The stuff in the NSD development pipeline right now is support for TSIG and an AXFR client, so you no longer need to install a bind8 named-xfer to do zone transfers for secondaries. Currently notifies are just logged and there are no ready plans for doing anything more at the moment.

Erik

Antoine Delvaux <antoine.delvaux@belnet.be> writes:

My thoughts is that when running a server as secondary for domains
you don't have control on, the notify messages are quite useful to
provide a good service to your users. On the other hand, too much
notify messages can induce unneeded load on the server.

I'm still running 1.2.2 (been running nsd for a couple of years at
this point) to secondary about 1000 zones, most of which are in turn
secondaried from other hosts on the server from which I'm pulling
them. The vast majority of them (98%) are Someone Else's Zones.

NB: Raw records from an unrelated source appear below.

(* Let $n\ge2$ and let $A$ be an $n\times n$ binary matrix with zero diagonal. The facets-pairing structure $\mathcal{F}_A$ on $\mathcal{C}^n$ is perfect if and only if $A$ is a Bott matrix.
   Context: $\mathcal{C}^n=\{x\in\mathbb{R}^n: -\tfrac14\le x_i\le\tfrac14\}$; $\mathbf{F}(i)$, $\mathbf{F}(-i)$ ($1\le i\le n$) are the facets in $\{x_i=\tfrac14\}$, $\{x_i=-\tfrac14\}$. Binary matrices have entries in $\mathbb{Z}_2$; $A^i_k$ denotes the $(i,k)$ entry viewed as $0$ or $1$. A Bott matrix is a binary square matrix conjugate by a permutation matrix to a strictly upper triangular binary matrix. $\mathcal{F}_A$ pairs $\mathbf{F}(j)$ with $\mathbf{F}(-j)$ via $\tau^A_j:\mathbf{F}(j)\to\mathbf{F}(-j)$, $\tau^A_j(x)=y$ with $y_{|j|}=-x_{|j|}$ and $y_k=(-1)^{A^{|j|}_k}x_k$ for $k\ne|j|$. A composition $\tau^A_{k_m}\circ\dots\circ\tau^A_{k_1}$ applied to a proper face $f$ is valid if $f\subset\mathbf{F}(k_1)$ and $\tau^A_{k_i}\circ\dots\circ\tau^A_{k_1}(f)\subset\mathbf{F}(k_{i+1})$ for $1\le i<m$ ($m=0$ allowed). The face family $\widehat f$ is the set of faces $\tau^A_{k_m}\circ\dots\circ\tau^A_{k_1}(f)$ over all valid compositions. $\mathcal{F}_A$ is perfect if for every proper face $f$ of codimension $s$, $\widehat f$ has exactly $2^s$ elements. *)

theory Defs
  imports "HOL-Analysis.Analysis" "HOL-Library.Z2"
begin

text \<open>The cube C^n = [-1/4,1/4]^n, with coordinates indexed by a finite type 'n
  (n = CARD('n)). Binary matrices have entries in the field Z_2 (type bit).\<close>

definition cube :: "(real ^ 'n) set" where
  "cube = {x. \<forall>i. - (1/4) \<le> x $ i \<and> x $ i \<le> 1/4}"

text \<open>Signed indices: (i, True) stands for i, (i, False) for -i.
  facet (i,True) = F(i) in {x_i = 1/4}, facet (i,False) = F(-i) in {x_i = -1/4}.\<close>

definition facet :: "'n \<times> bool \<Rightarrow> (real ^ 'n) set" where
  "facet j = {x \<in> cube. x $ fst j = (if snd j then 1/4 else - (1/4))}"

text \<open>tau^A_j depends only on |j| = fst j.\<close>
definition tau :: "bit ^ 'n ^ 'n \<Rightarrow> 'n \<Rightarrow> real ^ 'n \<Rightarrow> real ^ 'n" where
  "tau A i x = (\<chi> k. if k = i then - (x $ k)
                      else (if A $ i $ k = 1 then - (x $ k) else x $ k))"

text \<open>Composition tau_{k_m} o ... o tau_{k_1} applied to a face f, for the list [k_1,...,k_m].\<close>
fun compose_tau :: "bit ^ 'n ^ 'n \<Rightarrow> ('n \<times> bool) list \<Rightarrow> (real ^ 'n) set \<Rightarrow> (real ^ 'n) set" where
  "compose_tau A [] f = f"
| "compose_tau A (k # ks) f = compose_tau A ks (tau A (fst k) ` f)"

fun valid_comp :: "bit ^ 'n ^ 'n \<Rightarrow> ('n \<times> bool) list \<Rightarrow> (real ^ 'n) set \<Rightarrow> bool" where
  "valid_comp A [] f = True"
| "valid_comp A (k # ks) f = (f \<subseteq> facet k \<and> valid_comp A ks (tau A (fst k) ` f))"

definition face_family :: "bit ^ 'n ^ 'n \<Rightarrow> (real ^ 'n) set \<Rightarrow> (real ^ 'n) set set" where
  "face_family A f = {compose_tau A ks f | ks. valid_comp A ks f}"

definition proper_face :: "(real ^ 'n) set \<Rightarrow> bool" where
  "proper_face f \<longleftrightarrow> f face_of cube \<and> f \<noteq> {} \<and> f \<noteq> cube"

definition codim :: "(real ^ 'n) set \<Rightarrow> nat" where
  "codim f = nat (int CARD('n) - aff_dim f)"

definition perfect :: "bit ^ 'n ^ 'n \<Rightarrow> bool" where
  "perfect A \<longleftrightarrow> (\<forall>f. proper_face f \<longrightarrow> card (face_family A f) = 2 ^ codim f)"

text \<open>Bott matrix: conjugate by a permutation matrix to a strictly upper triangular matrix.
  Indices of 'n are identified with 0..<n via a bijection sigma; P A P^T has (i,k) entry
  A (sigma i) (sigma k).\<close>
definition bott_matrix :: "bit ^ 'n ^ 'n \<Rightarrow> bool" where
  "bott_matrix A \<longleftrightarrow> (\<exists>\<sigma> :: nat \<Rightarrow> 'n. bij_betw \<sigma> {0..<CARD('n)} UNIV \<and>
      (\<forall>i < CARD('n). \<forall>k < CARD('n). A $ (\<sigma> i) $ (\<sigma> k) \<noteq> 0 \<longrightarrow> i < k))"

end

theory Submission
  imports Defs
begin

text \<open>
  Every nonempty face of the cube is of the form face_at T q: the points agreeing with a
  vertex-like point q on a set T of coordinates, where q_i = \<plusminus>1/4 for i \<in> T; its
  codimension is card T.  Each pairing map tau_i is the sign change of the coordinates
  row_flip A i = {i} \<union> {k. A_ik = 1}, so applying a valid composition to face_at T q gives
  face_at T (flip q X), where X ranges over the subsets of T reachable from {} by taking
  symmetric differences with the sets row_flip A i \<inter> T, i \<in> T (the set reach A T).
  These faces are pairwise distinct, hence the face family has card (reach A T) elements
  and A is perfect iff reach A T = Pow T for every nonempty T.

  For a Bott matrix every pattern is reachable: clear the coordinates of a target pattern
  in increasing order of the triangular ordering.  Conversely, a matrix with zero diagonal
  that is not Bott contains an induced cycle T (each row has exactly one entry 1 in T);
  there every move changes exactly two coordinates of T, so only patterns of even size
  are reachable and reach A T \<noteq> Pow T.
\<close>

lemma cube_iff: "x \<in> cube \<longleftrightarrow> (\<forall>i. \<bar>x $ i\<bar> \<le> 1/4)"
proof -
  have "\<And>i. (- (1/4) \<le> x $ i \<and> x $ i \<le> 1/4) = (\<bar>x $ i\<bar> \<le> (1/4::real))" by linarith
  thus ?thesis unfolding cube_def by simp
qed

lemma quarter_product:
  fixes a x :: real
  assumes "\<bar>a\<bar> = 1/4" "\<bar>x\<bar> \<le> 1/4"
  shows "a * x \<le> 1/16" and "a * x = 1/16 \<longleftrightarrow> x = a"
proof -
  have bounds: "a = 1/4 \<or> a = - (1/4)" "- (1/4) \<le> x" "x \<le> 1/4" using assms by linarith+
  then show "a * x \<le> 1/16" by (elim disjE; hypsubst; linarith)
  from bounds show "a * x = 1/16 \<longleftrightarrow> x = a" by (elim disjE; hypsubst; auto)
qed

lemma abs_eq_quarter: "\<bar>v :: real\<bar> = 1/4 \<Longrightarrow> v = (if v > 0 then 1/4 else - (1/4))"
  by (cases "v < 0") (auto simp: abs_if)

lemma abs_midpoint_quarter:
  fixes a b :: real
  assumes "\<bar>a\<bar> \<le> 1/4" "\<bar>b\<bar> \<le> 1/4"
  shows "\<bar>(a + b) / 2\<bar> = 1/4 \<longleftrightarrow> \<bar>b\<bar> = 1/4 \<and> a = b"
  using assms by (auto simp: abs_if split: if_splits)

definition flip :: "real ^ 'n \<Rightarrow> 'n set \<Rightarrow> real ^ 'n" where
  "flip q X = (\<chi> k. if k \<in> X then - (q $ k) else q $ k)"

lemma flip_nth [simp]: "flip q X $ k = (if k \<in> X then - (q $ k) else q $ k)"
  by (simp add: flip_def)

lemma flip_in_cube [simp]: "flip q X \<in> cube \<longleftrightarrow> q \<in> cube"
  by (simp add: cube_iff)

lemma flip_flip [simp]: "flip (flip q X) Y = flip q (sym_diff X Y)"
  by (auto simp: vec_eq_iff)

lemma flip_empty [simp]: "flip q {} = q"
  by (simp add: vec_eq_iff)

definition face_at :: "'n set \<Rightarrow> real ^ 'n \<Rightarrow> (real ^ 'n) set" where
  "face_at T q = {y \<in> cube. \<forall>i\<in>T. y $ i = q $ i}"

One problem I've noticed (hopefully fixed in newer versions) is that
"nsdc update" does not deal gracefully with having an expired or
non-transferable zone. To my way of thinking it should either build
nsd.db including the expired data but unset the authority bit in
replies or simply leave the zone out of nsd.db rather than refusing to
update the database for the other zones.

My work-around has been to have a "metaconfig" nsd.zones file which is
compiled into the "working" nsd.zones file before each "nsdc update"
by a script that issues a query for the SOA record against the master
nameserver for each zone and checks for the authority bit. Crude, but
effective.

If I need a swat with the clown hammer and incentive to upgrade,
someone please tell me to get off my lazy behind. :slight_smile:

                                        ---Rob

Robert E.Seastrom wrote:

One problem I've noticed (hopefully fixed in newer versions) is that
"nsdc update" does not deal gracefully with having an expired or
non-transferable zone. To my way of thinking it should either build
nsd.db including the expired data but unset the authority bit in
replies or simply leave the zone out of nsd.db rather than refusing to
update the database for the other zones.

I actually wasn't aware of this problem. So this has not been fixed in any version of NSD. Whatever the fix (if any) may be of course.

Erik

It is probably a side effect of the same issue that hit me with one of my
NSD boxen, where the inability of zonec (and perhaps nsd) to grok AFSDB
records led to all updates being suspended. The fix was, of course, more
straightforward; simply support AFSBD. Until that was in, I had to leave
out that zone from my nsd.zones file, which was crude yet necessary to be
able to continue serving the other zones.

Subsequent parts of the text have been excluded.